In addition, a corresponding wear leveling algorithm may further be set in control logic of the controller 3. In other words, when an address is allocated to data to be stored in the first PCM 1 or the main memory 2, address allocation is performed according to a wear leveling principle, to be specific, a memory cell with a minimum quantity of writing times is selected, and an address of the memory cell is allocated to the to-be-stored data.
In an actual application, the controller 3 may support various bus communication standards, and perform communication based on a corresponding bus communication standard such as a parallel bus communication standard, a serial bus communication standard, or a customized bus communication standard.

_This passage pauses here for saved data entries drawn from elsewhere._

lemma in_ext_Diff:
  assumes "D \<in> in_ext V E b"
  shows "D - {b} \<in> out_undom (V - {b}) E c"
proof -
  obtain w where p: "mds_except V E b D" and w: "w \<noteq> b" "private_nbr V E D w b"
    using assms by (auto simp: in_ext_def)
  have "w = c" using w pendant_sym unfolding private_nbr_def by blast
  hence "c \<notin> D - {b}" "\<not> dominated E (D - {b}) c"
    using w unfolding private_nbr_def dominated_def by blast+
  thus ?thesis using mds_except_Diff[OF p] by (simp add: out_undom_def)
qed

lemma in_self_Diff:
  assumes "D \<in> in_self V E b"
  shows "D - {b} \<in> out_free (V - {b}) E c"
proof -
  have p: "mds_except V E b D" and b: "b \<in> D"
    and no_other: "\<forall>w. private_nbr V E D w b \<longrightarrow> w = b" and self: "private_nbr V E D b b"
    using assms by (auto simp: in_self_def)
  have c: "c \<notin> D" using self E_bc c_ne unfolding private_nbr_def by blast
  have "\<not> private_nbr V E D c b" using no_other c_ne by blast
  then obtain u' where u': "u' \<in> D" "c = u' \<or> E c u'" "u' \<noteq> b"
    using c_in sym E_bc unfolding private_nbr_def by blast
  have dom: "dominated E (D - {b}) c" using u' c unfolding dominated_def by blast
  have "\<not> sole_private_nbr (V - {b}) E (D - {b}) c"
  proof
    assume "sole_private_nbr (V - {b}) E (D - {b}) c"
    then obtain u where u: "u \<in> D - {b}" "private_nbr (V - {b}) E (D - {b}) c u"
      and only: "\<forall>w'. private_nbr (V - {b}) E (D - {b}) w' u \<longrightarrow> w' = c"
      unfolding sole_private_nbr_def by blast
    obtain w where w: "private_nbr V E D w u" using p u by (auto simp: mds_except_def)
    have "u \<in> V" using u p by (auto simp: mds_except_def)
    hence "w \<noteq> b" using private_nbr_boundary w u c by blast
    hence "w = c" using only private_nbr_Diff[OF w] by blast
    hence "u = b" using w b sym E_bc unfolding private_nbr_def by blast
    thus False using u by blast
  qed
  thus ?thesis using mds_except_Diff[OF p] c dom by (simp add: out_free_def)
qed

lemma in_none_Diff:
  assumes "D \<in> in_none V E b"
  shows "D - {b} \<in> in_ext (V - {b}) E c"
proof -
  have p: "mds_except V E b D" and b: "b \<in> D" and none: "\<forall>w. \<not> private_nbr V E D w b"
    using assms by (auto simp: in_none_def)
  have DV: "D \<subseteq> V" using p by (simp add: mds_except_def)
  have c: "c \<in> D"
    using none b_in pendant DV unfolding private_nbr_def by blast
  obtain w where w: "private_nbr V E D w c" using p c c_ne by (auto simp: mds_except_def)
  have "w \<noteq> b" "w \<noteq> c" using w b c_ne sym E_bc unfolding private_nbr_def by blast+
  thus ?thesis
    using mds_except_Diff[OF p] c c_ne private_nbr_Diff[OF w] by (auto simp: in_ext_def)
qed

lemma out_undom_subset: "out_undom V E b \<subseteq> out_sole (V - {b}) E c \<union> out_free (V - {b}) E c"
proof
  fix D assume "D \<in> out_undom V E b"
  hence p: "mds_except V E b D" and b: "b \<notin> D" and undom: "\<not> dominated E D b"
    by (auto simp: out_undom_def)
  have "c \<notin> D" using undom E_bc unfolding dominated_def by blast
  moreover have "dominated E D c" using p c_in c_ne by (simp add: mds_except_def)
  moreover have "mds_except (V - {b}) E c D" using mds_except_Diff[OF p] b by simp
  ultimately show "D \<in> out_sole (V - {b}) E c \<union> out_free (V - {b}) E c"
    by (auto simp: out_sole_def out_free_def)
qed

lemma out_sole_subset: "out_sole V E b \<subseteq> in_none (V - {b}) E c"
proof
  fix D assume "D \<in> out_sole V E b"
  hence p: "mds_except V E b D" and b: "b \<notin> D" and dom: "dominated E D b"
    and sole: "sole_private_nbr V E D b"
    by (auto simp: out_sole_def)
  have DV: "D \<subseteq> V" using p by (simp add: mds_except_def)
  have c: "c \<in> D" using dom b pendant DV unfolding dominated_def by blast
  obtain u where u: "u \<in> D" "private_nbr V E D b u" "\<forall>w'. private_nbr V E D w' u \<longrightarrow> w' = b"
    using sole unfolding sole_private_nbr_def by blast
  have "u = c" using private_nbr_boundary u DV b by blast
  hence "\<not> private_nbr (V - {b}) E D w c" for w
    using u(3) private_nbr_mono[of "V - {b}" E D w c V D] by (auto simp: private_nbr_def)
  thus "D \<in> in_none (V - {b}) E c"
    using mds_except_Diff[OF p] b c by (simp add: in_none_def)
qed
lemma card_independent_pairs:
  assumes "finite P" "finite P'" "l \<noteq> l'" "\<forall>p \<in> P. on_line l p" "\<forall>p' \<in> P'. on_line l' p'"
  shows "(card P - 1) * (card P' - 1)
           \<le> card {(p, p') \<in> P \<times> P'. fst p \<noteq> fst p' \<and> snd p \<noteq> snd p'}"
proof -
  define off where "off = {p \<in> P. \<not> on_line l' p}"
  have "card {p \<in> P. on_line l' p} \<le> 1"
    unfolding One_nat_def
    by (subst card_le_Suc0_iff_eq) (use assms(1,3,4) distinct_lines_meet_once in auto)
  moreover have "card P = card off + card {p \<in> P. on_line l' p}"
    unfolding off_def using assms(1)
    by (subst card_Un_disjoint[symmetric]) (auto intro: arg_cong[where f = card])
  ultimately have "card P - 1 \<le> card off" by linarith
  then have "(card P - 1) * (card P' - 1) \<le> card off * (card P' - 1)"
    by (rule mult_right_mono) simp
  also have "\<dots> \<le> (\<Sum>p \<in> off. card (P' - {line_proj l' p}))"
  proof -
    have "card P' - 1 \<le> card (P' - {line_proj l' p})" for p
      using diff_card_le_card_Diff[of "{line_proj l' p}" P'] by simp
    then show ?thesis using sum_bounded_below[of off] by (metis of_nat_id)
  qed
  also have "\<dots> = card (SIGMA p:off. P' - {line_proj l' p})"
    using assms(1,2) by (simp add: off_def)
  also have "\<dots> \<le> card {(p, p') \<in> P \<times> P'. fst p \<noteq> fst p' \<and> snd p \<noteq> snd p'}"
    using assms independent_if_ne_line_proj
    by (intro card_mono finite_subset[OF _ finite_cartesian_product[OF assms(1,2)]])
       (auto simp: off_def)
  finally show ?thesis .
qed

lemma diag_meets_line_once:
  assumes "\<sigma> \<in> gen_diags X Y" "fst p \<in> X" "fst q \<in> X" "on_line l p" "on_line l q"
    and "\<sigma> (fst p) = snd p" "\<sigma> (fst q) = snd q"
  shows "p = q"
  using assms by (cases l) (auto simp: gen_diags_def bij_betw_def inj_on_def prod_eq_iff)

lemma disjoint_diags_through_lines:
  assumes "\<And>p p'. (p, p') \<in> Q \<Longrightarrow> fst p \<in> X \<and> fst p' \<in> X \<and> on_line l p \<and> on_line l' p'"
  shows "disjoint_family_on (\<lambda>(p, p'). diags_through X Y {p, p'}) Q"
proof -
  have "(p, p') = (q, q')" if "(p, p') \<in> Q" "(q, q') \<in> Q"
    and "\<sigma> \<in> diags_through X Y {p, p'}" "\<sigma> \<in> diags_through X Y {q, q'}" for p p' q q' \<sigma>
  proof -
    have "\<sigma> \<in> gen_diags X Y" "\<sigma> (fst p) = snd p" "\<sigma> (fst p') = snd p'"
      "\<sigma> (fst q) = snd q" "\<sigma> (fst q') = snd q'"
      using that(3,4) by (auto simp: diags_through_def)
    then have "p = q" "p' = q'"
      using assms[OF that(1)] assms[OF that(2)] diag_meets_line_once by metis+
    then show ?thesis by simp
  qed
  then show ?thesis unfolding disjoint_family_on_def by fastforce
qed
text \<open>Write \<open>s \<prec> t\<close> for \<open>seq_less s t\<close> on the monotone sequences of magnitude classes.
  This is a strict weak order (irreflexive, transitive and negatively transitive), and the constant
  sequences are dense in it: if \<open>s \<prec> t \<prec> u\<close>, a late term of \<open>t\<close> gives a constant sequence
  strictly between \<open>s\<close> and \<open>u\<close>. A strictly increasing chain of constant sequences has a least
  upper bound, the sequence of its values, which is again monotone. So if a weakly increasing
  sequence \<open>r\<close> has no greatest term, pass to a strictly increasing subsequence, squeeze constant
  sequences between its terms, and take the least upper bound of those; otherwise the greatest term
  is the supremum. The infimum of an increasing sequence is its first term, and decreasing sequences
  are handled by the same argument for the reversed order.\<close>

section \<open>Strict weak orders\<close>

text \<open>Here \<open>\<not> y \<prec> x\<close> plays the role of \<open>x \<preceq> y\<close>; bounds are unique only up to the induced
  equivalence, which is exactly the equivalence used to form \<open>Rset\<close>.\<close>

locale strict_weak_order =
  fixes S :: "'b set" and less :: "'b \<Rightarrow> 'b \<Rightarrow> bool" (infix "\<prec>" 50)
  assumes irrefl: "s \<in> S \<Longrightarrow> \<not> s \<prec> s"
    and trans: "s \<in> S \<Longrightarrow> t \<in> S \<Longrightarrow> u \<in> S \<Longrightarrow> s \<prec> t \<Longrightarrow> t \<prec> u \<Longrightarrow> s \<prec> u"
    and neg_trans: "s \<in> S \<Longrightarrow> t \<in> S \<Longrightarrow> u \<in> S \<Longrightarrow> s \<prec> u \<Longrightarrow> s \<prec> t \<or> t \<prec> u"
begin
(* Let $(A,\succ_A,\prec_A)$ be an anti-pre-Leibniz algebra with sub-adjacent Leibniz algebra $(A,\circ_A)$. Define multiplications on $A\oplus A^*$ by $$(x+a^* )\circ_{1}(y+b^* )=x\circ_A y-\mathcal L^*_{\succ_A}(x)b^*+(\mathcal L^*_{\succ_A}+\mathcal R^*_{\prec_A})(y)a^*,$$ $$(x+a^* )\circ_{2}(y+b^* )=x\circ_A y+\mathcal L^*_{\circ_A}(x)b^*-(\mathcal L^*_{\circ_A}+\mathcal R^*_{\circ_A})(y)a^*,$$ for $x,y\in A$, $a^*,b^*\in A^*$. Then $(A\oplus A^*,\circ_1,\circ_2)$ is a compatible Leibniz algebra if and only if $(A,\succ_A,\prec_A)$ is an admissible Novikov dialgebra.
   Context: All vector spaces are finite-dimensional over a field $\mathbb K$ of characteristic zero. For a multiplication $\ast$, $\mathcal L_\ast(x)y=x\ast y$, $\mathcal R_\ast(x)y=y\ast x$; for $f:A\to\mathrm{End}(V)$, $f^*:A\to\mathrm{End}(V^* )$ is $\langle f^*(x)u^*,v\rangle=-\langle u^*,f(x)v\rangle$. A Leibniz algebra is a vector space with multiplication $\circ$ satisfying $x\circ(y\circ z)=(x\circ y)\circ z+y\circ(x\circ z)$. A compatible Leibniz algebra is $(B,\circ_1,\circ_2)$ with both $(B,\circ_1),(B,\circ_2)$ Leibniz algebras and, for all $x,y,z$: $x\circ_2(y\circ_1 z)+x\circ_1(y\circ_2 z)-(x\circ_1 y)\circ_2 z-(x\circ_2 y)\circ_1 z-y\circ_2(x\circ_1 z)-y\circ_1(x\circ_2 z)=0$. For multiplications $\succ_A,\prec_A$ set $x\circ_A y=x\succ_A y+x\prec_A y$. Identities for all $x,y,z$: (AL1) $(x\circ_A y)\prec_A z=x\succ_A(y\circ_A z)-y\succ_A(x\circ_A z)$; (AL2) $(x\circ_A y)\succ_A z=y\succ_A(x\succ_A z)-x\succ_A(y\succ_A z)$; (AL3) $x\prec_A(y\circ_A z)=(y\succ_A x)\prec_A z-y\succ_A(x\prec_A z)$; (AL4) $(x\succ_A y)\prec_A z=-(y\prec_A x)\prec_A z$; (AN1) $(x\succ_A y)\succ_A z=-(y\prec_A x)\succ_A z$; (AN2) $x\prec_A(y\prec_A z)-y\prec_A(x\prec_A z)=2(x\prec_A y)\prec_A z-2(y\prec_A x)\prec_A z$; (AN3) $(x\succ_A y)\succ_A z+y\prec_A(x\succ_A z)=2x\succ_A(y\circ_A z)$. An anti-pre-Leibniz algebra satisfies (AL1)–(AL4), and its sub-adjacent Leibniz algebra is $(A,\circ_A)$; an admissible Novikov dialgebra satisfies (AL2)–(AL4) and (AN1)–(AN3). *)

theory Defs
  imports Main "HOL-Library.Function_Algebras" "HOL-Library.Product_Plus"
begin

text \<open>Convention: the finite-dimensional space A over the field 'k (char 0) is realised
  in coordinates as 'n \<Rightarrow> 'k for a finite index type 'n (a fixed basis).
  The dual space A* is realised as 'n \<Rightarrow> 'k too, via the nondegenerate pairing
  pair a v = (sum over i of a i * v i).\<close>

type_synonym ('k,'n) vect = "'n \<Rightarrow> 'k"

definition smul :: "'k::field \<Rightarrow> ('k,'n) vect \<Rightarrow> ('k,'n) vect" where
  "smul c v = (\<lambda>i. c * v i)"

definition pair :: "('k::field,'n::finite) vect \<Rightarrow> ('k,'n) vect \<Rightarrow> 'k" where
  "pair a v = (\<Sum>i\<in>UNIV. a i * v i)"

definition bvec :: "'n \<Rightarrow> ('k::field,'n) vect" where
  "bvec j = (\<lambda>i. if i = j then 1 else 0)"

definition bilinear_mult :: "(('k::field,'n) vect \<Rightarrow> ('k,'n) vect \<Rightarrow> ('k,'n) vect) \<Rightarrow> bool" where
  "bilinear_mult m \<longleftrightarrow>
     (\<forall>x y z. m (x + y) z = m x z + m y z) \<and>
     (\<forall>x y z. m x (y + z) = m x y + m x z) \<and>
     (\<forall>c x y. m (smul c x) y = smul c (m x y)) \<and>
     (\<forall>c x y. m x (smul c y) = smul c (m x y))"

In an actual application, various communication protocols may be used between the controller 3 and the main memory 2, for example, an open not and flash interface (open NAND flash interface, ONFI) protocol, a toggle (a communication standard name) protocol, or a proprietary protocol.
In the foregoing control logic of the controller 3, the controller 3 stores the data with a higher read/write temperature in the first PCM 1, and stores the data with a lower read/write temperature in the main memory 2. In this way, because a CPU frequently reads and writes data that is the data with a higher read/write temperature and seldom performs a read/write operation on the data with a lower read/write temperature, a latency indicated by the storage device to the outside is mainly the latency of the first PCM 1, and the latency of the main memory 2 is basically not perceived by the outside of the storage device. In addition, provided that it is ensured to some extent that the ratio of a total capacity of the first PCM 1 to a total capacity of the main memory 2 is matched with the ratio of the hot data, the warm data, and the cold data of the computer device, storage space of the first PCM 1 and the main memory 2 can be fully used. In this way, an advantage of high storage density and a large capacity of the main memory 2 can be well utilized, and it can be ensured that a problem of a high latency of the main memory 2 does not cause an excessively large impact on the latency indicated by the entire storage device to the outside, that is, an advantage of a low latency of the first PCM 1 can be fully utilized.
Based on the foregoing descriptions of the parts of the storage device and the functions of the parts, a person skilled in the art may set, based on an actual application scenario and a cost requirement, the latency of the first PCM 1, the latency of the main memory 2, the storage capacity of the first PCM 1, the storage capacity of the main memory 2, the read/write temperature corresponding to the first PCM 1, and the read/write temperature corresponding to the main memory 2. There are many possible corresponding application scenarios. For example, the storage device is used as a memory in a server of an application, or the storage device is used as a memory in a user terminal.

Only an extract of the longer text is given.